The Freenode IRC network allows clients to pass an SSL certificate and automatically identify their nick with NickServ upon logging in. Freenode offers instructions on creating the SSL certificate, as well as how to configure SSL authentication on several IRC clients, but it does not describe the setup for Emacs ERC.
I managed to get this working after some failed attempts following example code on the web. The problem is that an argument is missing from the
gnutls-cli command described in other people’s Emacs init files that one comes across through a search. If one just runs
gnutls-cli --x509certfile ~/.ssl/mynick.cert -p 6697 irc.freenode.net from the command line, one sees in the output:
Successfully sent 0 certificate(s) to server. Of course, without a certificate sent to the server, the automatic NickServ identification will fail.
The correct way is to add the
--x509keyfile argument, i.e.
gnutls-cli --x509certfile ~/.ssl/mynick.cert --x509keyfile ~/.ssl/mynick.key -p 6697 irc.freenode.net When this is done, the output will show
Successfully sent 1 certificate(s) to server. Then, NickServ identification will run automatically assuming that you have followed Freenode’s instructions and told NickServ what your certificate’s SHA1 fingerprint is.

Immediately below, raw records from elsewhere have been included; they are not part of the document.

lemma ybar_obs_CSS_moments:
  fixes Y :: "nat \<Rightarrow> 'a \<Rightarrow> real"
  assumes "n > 0"
    and meas: "\<And>i. i \<in> {1..n} \<Longrightarrow> Y i \<in> borel_measurable M"
    and sq: "\<And>i. i \<in> {1..n} \<Longrightarrow> integrable M (\<lambda>\<omega>. Y i \<omega> ^ 2)"
    and mean: "\<And>i. i \<in> {1..n} \<Longrightarrow> expectation (Y i) = \<mu>"
    and var: "\<And>i. i \<in> {1..n} \<Longrightarrow> variance (Y i) = \<sigma>\<^sup>2"
    and indep: "\<And>i j. i \<in> {1..n} \<Longrightarrow> j \<in> {1..n} \<Longrightarrow> i \<noteq> j \<Longrightarrow> indep_var borel (Y i) borel (Y j)"
  shows "integrable M (\<lambda>\<omega>. ybar_obs n Y \<omega> ^ 2)" "variance (ybar_obs n Y) = \<sigma>\<^sup>2 / n"
    "integrable M (CSS n Y)" "expectation (CSS n Y) = (real n - 1) * \<sigma>\<^sup>2"
proof -
  define U where "U i \<omega> = Y i \<omega> - \<mu>" for i \<omega>
  define SU where "SU \<omega> = (\<Sum>i=1..n. U i \<omega>)" for \<omega>
  have U_meas: "U i \<in> borel_measurable M" if "i \<in> {1..n}" for i
    unfolding U_def[abs_def] using meas[OF that] by simp
  have Y_int: "integrable M (Y i)" if "i \<in> {1..n}" for i
    by (rule square_integrable_imp_integrable[OF meas[OF that] sq[OF that]])
  have U_sq: "integrable M (\<lambda>\<omega>. U i \<omega> ^ 2)" if "i \<in> {1..n}" for i
    using sq[OF that] Y_int[OF that] by (simp add: U_def power2_diff)
  have U_int: "integrable M (U i)" if "i \<in> {1..n}" for i
    by (rule square_integrable_imp_integrable[OF U_meas[OF that] U_sq[OF that]])
  have U_mean: "expectation (U i) = 0" if "i \<in> {1..n}" for i
    using Y_int[OF that] mean[OF that] by (simp add: U_def[abs_def] prob_space)
  have U_var: "expectation (\<lambda>\<omega>. U i \<omega> ^ 2) = \<sigma>\<^sup>2" if "i \<in> {1..n}" for i
    using var[OF that] mean[OF that] by (simp add: U_def)
  have U_indep: "indep_var borel (U i) borel (U j)" if "i \<in> {1..n}" "j \<in> {1..n}" "i \<noteq> j" for i j
    using indep_var_compose[OF indep[OF that], of "\<lambda>x. x - \<mu>" borel "\<lambda>x. x - \<mu>" borel]
    by (simp add: comp_def U_def[abs_def])
  have SU_meas: "SU \<in> borel_measurable M"
    unfolding SU_def[abs_def] using U_meas by (rule borel_measurable_sum)
  have SU_sq: "integrable M (\<lambda>\<omega>. SU \<omega> ^ 2)"
    unfolding SU_def using U_meas U_sq by (rule integrable_square_sum)
  have SU_sq_mean: "expectation (\<lambda>\<omega>. SU \<omega> ^ 2) = real n * \<sigma>\<^sup>2"
  proof -
    have "expectation (\<lambda>\<omega>. SU \<omega> ^ 2) = (\<Sum>i=1..n. expectation (\<lambda>\<omega>. U i \<omega> ^ 2))"
      unfolding SU_def
      by (rule expectation_square_sum_indep[of "{1..n}" U, OF _ U_meas U_sq U_mean U_indep]) auto
    then show ?thesis using U_var by simp
  qed
  have SU_mean: "expectation SU = 0"
    unfolding SU_def[abs_def] using U_int U_mean by (simp add: Bochner_Integration.integral_sum)
  have ybar: "ybar_obs n Y = (\<lambda>\<omega>. \<mu> + SU \<omega> / n)"
    using ybar_obs_minus[OF \<open>n > 0\<close>, of Y _ \<mu>] by (auto simp: fun_eq_iff SU_def U_def algebra_simps)
  have CSS: "CSS n Y = (\<lambda>\<omega>. (\<Sum>i=1..n. U i \<omega> ^ 2) - SU \<omega> ^ 2 / n)"
    using CSS_eq_centered[OF \<open>n > 0\<close>, of Y _ \<mu>] by (simp add: fun_eq_iff SU_def U_def)
  have SU_int: "integrable M SU"
    by (rule square_integrable_imp_integrable[OF SU_meas SU_sq])
  show "integrable M (\<lambda>\<omega>. ybar_obs n Y \<omega> ^ 2)"
    using SU_sq SU_int by (simp add: ybar power2_sum power_divide)
  have "expectation (ybar_obs n Y) = \<mu>"
    using SU_int SU_mean by (simp add: ybar prob_space)
  then have "variance (ybar_obs n Y) = expectation (\<lambda>\<omega>. SU \<omega> ^ 2) / (real n)\<^sup>2"
    using SU_sq by (simp add: ybar power_divide)
  then show "variance (ybar_obs n Y) = \<sigma>\<^sup>2 / n"
    using \<open>n > 0\<close> unfolding SU_sq_mean by (simp add: power2_eq_square)
  have sum_U_sq: "integrable M (\<lambda>\<omega>. \<Sum>i=1..n. U i \<omega> ^ 2)"
    using U_sq by (rule Bochner_Integration.integrable_sum)
  show "integrable M (CSS n Y)"
    unfolding CSS using sum_U_sq SU_sq by simp
  have "expectation (\<lambda>\<omega>. \<Sum>i=1..n. U i \<omega> ^ 2) = (\<Sum>i=1..n. expectation (\<lambda>\<omega>. U i \<omega> ^ 2))"
    using U_sq by (rule Bochner_Integration.integral_sum)
  also have "\<dots> = real n * \<sigma>\<^sup>2"
    using U_var by simp
  finally have "expectation (CSS n Y) = real n * \<sigma>\<^sup>2 - real n * \<sigma>\<^sup>2 / n"
    unfolding CSS using sum_U_sq SU_sq SU_sq_mean by simp
  then show "expectation (CSS n Y) = (real n - 1) * \<sigma>\<^sup>2"
    using \<open>n > 0\<close> by (simp add: field_simps)
qed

A lot of people’s Emacs init files define
tls-program as a global variable and specify the certificate to pass there. This is bad for privacy, as while one wants to disclose one’s identity to Freenode, you probably don’t want to potentially tell every other server contacted through SSL who you are. Therefore, the best thing to do is create a function to call ERC, and use Emacs’
let statement to define a value of
tls-program that will only be valid for ERC:
(defun start-irc ()
"Connect to IRC over SSL and pass a certificate for nick identification."
(let ((tls-program '("gnutls-cli --x509certfile ~/.ssl/mynick.cert --x509keyfile ~/.ssl/mynick.key -p %p %h")))
(erc-tls :server "irc.freenode.net" :port 6697
:nick "mynick" :full-name "mynick")))
For Freenode, as with all SSL connections through Emacs, users may also want to consider the certificate pinning function that GnuTLS provides, see Jens Lechtenbörger’s Certificate Pinning for GNU Emacs.